The US Census Bureau and the US Bureau of Economic Analysis announced today that the goods and services deficit was $79.6 billion in June, down $5.3 billion from $84.9 billion in May, revised.
June exports were $260.8 billion, $4.3 billion more than May exports. June imports were $340.4 billion, $1.0 billion less than May imports. The June decrease in the goods and services deficit reflected a decrease in the goods deficit of $4.9 billion to $99.5 billion and an increase in the services surplus of $0.3 billion to $19.9 billion.
Year-to-date, the goods and services deficit increased $134.1 billion, or 33.4 percent, from the same period in 2021. Exports increased $246.2 billion or 20.0 percent. Imports increased $380.3 billion or 23.3 percent.

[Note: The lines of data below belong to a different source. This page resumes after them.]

(* Let $n\ge1$, $u,v\in\mathfrak{S}_n$ and $J,K\subseteq[n-1]$. Then: (i) if $u\le v$ then $u_J\le v_J$; and if $K\subseteq J$ then $u_K\ge u_J$; (ii) $u_J\wedge v_K=(u\wedge v)_{J\cup K}$; (iii) if $J\subseteq\mathrm{GDes}(v)$ and $K\subseteq\mathrm{GDes}(u)$, then $u_J\vee v_K=(u\vee v)_{J\cap K}$.
   Context: Permutations in one-line notation. For a sequence $(a_1,\ldots,a_m)$ of distinct integers, $\mathrm{st}(a_1,\ldots,a_m)\in\mathfrak{S}_m$ is the unique permutation $x$ with $x_i<x_j\iff a_i<a_j$. For $x\in\mathfrak{S}_a,y\in\mathfrak{S}_b$, $x\times y\in\mathfrak{S}_{a+b}$ has $(x\times y)(i)=x_i$ for $i\le a$ and $(x\times y)(a+j)=a+y_j$. For $u\in\mathfrak{S}_n$ and $J=\{p_1<\cdots<p_k\}\subseteq[n-1]$, $u_J=\mathrm{st}(u_1,\ldots,u_{p_1})\times\mathrm{st}(u_{p_1+1},\ldots,u_{p_2})\times\cdots\times\mathrm{st}(u_{p_k+1},\ldots,u_n)$, and $u_\emptyset=u$. Weak order: $u\le v$ iff $\mathrm{Inv}(u)\subseteq\mathrm{Inv}(v)$, $\mathrm{Inv}(u)=\{(i,j):i<j,u_i>u_j\}$; it is a lattice with meet $\wedge$ and join $\vee$. $\mathrm{GDes}(u)$ is the set of $p\in[n-1]$ with $u_i>u_j$ for all $i\le p<j$. *)

theory Defs
  imports Main
begin

text \<open>Permutations of [n] in one-line notation, as lists (list index 0 is position 1).\<close>
definition Sn :: "nat \<Rightarrow> nat list set" where
  "Sn n = {u. distinct u \<and> set u = {1..n}}"

definition st :: "'a::linorder list \<Rightarrow> nat list" where
  "st xs = map (\<lambda>a. card {b \<in> set xs. b \<le> a}) xs"

definition pprod :: "nat list \<Rightarrow> nat list \<Rightarrow> nat list" where
  "pprod x y = x @ map (\<lambda>i. length x + i) y"

text \<open>u_J: cut u after positions p1 < ... < pk, standardize each block, take the product.\<close>
definition parab :: "nat list \<Rightarrow> nat set \<Rightarrow> nat list" where
  "parab u J = (let q = 0 # sorted_list_of_set J @ [length u] in
     foldr pprod (map (\<lambda>i. st (drop (q ! i) (take (q ! (i+1)) u))) [0..<length q - 1]) [])"

definition Inv :: "nat list \<Rightarrow> (nat \<times> nat) set" where
  "Inv u = {(i, j). i < j \<and> j < length u \<and> u ! i > u ! j}"

definition weak_le :: "nat list \<Rightarrow> nat list \<Rightarrow> bool" where
  "weak_le u v \<longleftrightarrow> Inv u \<subseteq> Inv v"

definition wmeet :: "nat list \<Rightarrow> nat list \<Rightarrow> nat list" where
  "wmeet u v = (THE w. w \<in> Sn (length u) \<and> weak_le w u \<and> weak_le w v \<and>
     (\<forall>z \<in> Sn (length u). weak_le z u \<and> weak_le z v \<longrightarrow> weak_le z w))"

definition wjoin :: "nat list \<Rightarrow> nat list \<Rightarrow> nat list" where
  "wjoin u v = (THE w. w \<in> Sn (length u) \<and> weak_le u w \<and> weak_le v w \<and>
     (\<forall>z \<in> Sn (length u). weak_le u z \<and> weak_le v z \<longrightarrow> weak_le w z))"

text \<open>Global descents (1-indexed positions p; list entries u!i, i<p are positions 1..p).\<close>
definition GDes :: "nat list \<Rightarrow> nat set" where
  "GDes u = {p. 1 \<le> p \<and> p < length u \<and>
     (\<forall>i j. i < p \<and> p \<le> j \<and> j < length u \<longrightarrow> u ! i > u ! j)}"

end

theory Submission
  imports Defs
begin

text \<open>A permutation is determined by its inversion set, and the sets of pairs that occur as
  inversion sets are exactly the biclosed ones (transitive, with transitive complement). So the
  inversion set of the join of u and v is the transitive closure of Inv u \<union> Inv v, and the
  meet is obtained dually through complements. The projection u_J keeps exactly the inversions
  of u that lie inside the blocks of J, which gives (i) and (ii) at once. For (iii), global
  descents make every pair cut by J an inversion of v and every pair cut by K an inversion of u.
  A pair of the transitive closure that no common cut of J and K separates then splits into
  pairs that lie inside a block or are cut by exactly one of J and K, and all of these are
  inversions of every common upper bound of u_J and v_K.\<close>

section \<open>Inversion sets\<close>

definition index_pairs :: "nat \<Rightarrow> (nat \<times> nat) set" where
  "index_pairs n = {(i, j). i < j \<and> j < n}"

definition biclosed :: "nat \<Rightarrow> (nat \<times> nat) set \<Rightarrow> bool" where
  "biclosed n T \<longleftrightarrow> T \<subseteq> index_pairs n \<and> trans T \<and>
     (\<forall>i j k. i < j \<and> j < k \<and> (i, k) \<in> T \<longrightarrow> (i, j) \<in> T \<or> (j, k) \<in> T)"

lemma Sn_length: "u \<in> Sn n \<Longrightarrow> length u = n"
  unfolding Sn_def using distinct_card[of u] by auto

lemma Sn_intro: "distinct w \<Longrightarrow> set w \<subseteq> {1..length w} \<Longrightarrow> w \<in> Sn (length w)"
  unfolding Sn_def using distinct_card[of w] card_subset_eq[of "{1..length w}" "set w"] by auto

lemma Inv_subset_index_pairs: "Inv u \<subseteq> index_pairs (length u)"
  unfolding Inv_def index_pairs_def by auto

lemma biclosed_Inv: "biclosed (length u) (Inv u)"
  unfolding biclosed_def Inv_def index_pairs_def trans_def by auto

lemma biclosed_complement:
  assumes "biclosed n T"
  shows "biclosed n (index_pairs n - T)"
proof -
  have tr: "trans T"
    and co: "\<And>i j k. i < j \<Longrightarrow> j < k \<Longrightarrow> (i, k) \<in> T \<Longrightarrow> (i, j) \<in> T \<or> (j, k) \<in> T"
    using assms unfolding biclosed_def by blast+
  have "trans (index_pairs n - T)"
    by (rule transI) (use co in \<open>auto simp: index_pairs_def\<close>)
  moreover have "(i, j) \<in> index_pairs n - T \<or> (j, k) \<in> index_pairs n - T"
    if "i < j" "j < k" "(i, k) \<in> index_pairs n - T" for i j k
    using that transD[OF tr, of i j k] unfolding index_pairs_def by auto
  ultimately show ?thesis unfolding biclosed_def by blast
qed

lemma trancl_subset_of_trans: "trans S \<Longrightarrow> R \<subseteq> S \<Longrightarrow> R\<^sup>+ \<subseteq> S"
  using trancl_mono_subset[of R S] by simp

lemma biclosed_trancl_Un:
  assumes "biclosed n T" "biclosed n T'"
  shows "biclosed n ((T \<union> T')\<^sup>+)"
proof -
  let ?R = "T \<union> T'"
  have R: "?R \<subseteq> index_pairs n" using assms unfolding biclosed_def by auto
  have "trans (index_pairs n)" unfolding trans_def index_pairs_def by auto
  then have "?R\<^sup>+ \<subseteq> index_pairs n" using R by (rule trancl_subset_of_trans)
  moreover have "(i, j) \<in> ?R\<^sup>+ \<or> (j, k) \<in> ?R\<^sup>+" if "(i, k) \<in> ?R\<^sup>+" "i < j" "j < k" for i j k
    using that
  proof (induction arbitrary: j rule: trancl_induct)
    case (base k)
    then show ?case using assms unfolding biclosed_def by blast
  next
    case (step y k)
    have "y < k" using step.hyps(2) R unfolding index_pairs_def by auto
    consider "j < y" | "j = y" | "y < j" by linarith
    then show ?case
    proof cases
      case 1
      then show ?thesis using step by (meson trancl.trancl_into_trancl)
    next
      case 2
      then show ?thesis using step.hyps(1) by simp
    next
      case 3
      then have "(y, j) \<in> ?R \<or> (j, k) \<in> ?R"
        using assms step \<open>y < k\<close> unfolding biclosed_def by blast
      then show ?thesis using step.hyps(1) by (meson r_into_trancl trancl.trancl_into_trancl)
    qed
  qed
  ultimately show ?thesis unfolding biclosed_def by (blast intro: trans_trancl)
qed

text \<open>value_less T i j: a permutation with inversion set T has a smaller entry at position i
  than at position j.\<close>
definition value_less :: "(nat \<times> nat) set \<Rightarrow> nat \<Rightarrow> nat \<Rightarrow> bool" where
  "value_less T i j \<longleftrightarrow> (i < j \<and> (i, j) \<notin> T) \<or> (j < i \<and> (j, i) \<in> T)"

lemma value_less_Inv:
  assumes "distinct u" "i < length u" "j < length u"
  shows "value_less (Inv u) i j \<longleftrightarrow> u ! i < u ! j"
proof -
  have "u ! i = u ! j \<longleftrightarrow> i = j" using assms by (simp add: nth_eq_iff_index_eq)
  then show ?thesis
    using assms unfolding value_less_def Inv_def by (cases i j rule: linorder_cases) auto
qed

lemma value_less_trans:
  assumes "biclosed n T" "value_less T a b" "value_less T b c"
  shows "value_less T a c"
proof -
  have tr: "trans T"
    and co: "\<And>i j k. i < j \<Longrightarrow> j < k \<Longrightarrow> (i, k) \<in> T \<Longrightarrow> (i, j) \<in> T \<or> (j, k) \<in> T"
    using assms(1) unfolding biclosed_def by blast+
  have "a \<noteq> b" "b \<noteq> c" "a \<noteq> c" using assms(2,3) unfolding value_less_def by auto
  then consider "a < b" "b < c" | "a < c" "c < b" | "b < a" "a < c"
    | "b < c" "c < a" | "c < a" "a < b" | "c < b" "b < a" by linarith
  then show ?thesis
    using assms(2,3) co[of a b c] co[of b c a] co[of c a b] transD[OF tr, of a c b]
      transD[OF tr, of b a c] transD[OF tr, of c b a]
    unfolding value_less_def by cases auto
qed

lemma Sn_nth_eq_Suc_card:
  assumes "u \<in> Sn n" "i < n"
  shows "u ! i = Suc (card {j. j < n \<and> u ! j < u ! i})"
proof -
  let ?A = "{j. j < n \<and> u ! j < u ! i}"
  have d: "distinct u" and s: "set u = {1..n}" and l: "length u = n"
    using assms Sn_length unfolding Sn_def by auto
  have ui: "u ! i \<in> {1..n}" using s assms(2) l nth_mem[of i u] by blast
  have "(!) u ` ?A = {x \<in> set u. x < u ! i}"
    using l by (auto simp: in_set_conv_nth)
  also have "\<dots> = {1..<u ! i}" using s ui by auto
  finally have "card ?A = card {1..<u ! i}"
    using card_image[OF inj_on_nth[OF d, of ?A]] l by simp
  then show ?thesis using ui by simp
qed

definition perm_of_Inv :: "nat \<Rightarrow> (nat \<times> nat) set \<Rightarrow> nat list" where
  "perm_of_Inv n T = map (\<lambda>i. Suc (card {j. j < n \<and> value_less T j i})) [0..<n]"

The June figures show surpluses, in billions of dollars, with South and Central America ($7.9), Netherlands ($3.0), Singapore ($1.8), Hong Kong ($1.7), Brazil ($1.7), Australia ($1.5), Belgium ($1.0), and Switzerland ($0.9).
Deficits were recorded, in billions of dollars, with China ($36.9), European Union ($17.6), Vietnam ($11.1), Mexico ($9.7), Canada ($7.3), Ireland ($6.1), Germany ($5.4), India ($5.2), Japan ($4.7), South Korea ($3.7), Taiwan ($3.6), Italy ($3.5), Malaysia ($3.0), Saudi Arabia ($1.9), France ($0.9), Israel ($0.8) and United Kingdom ($0.4).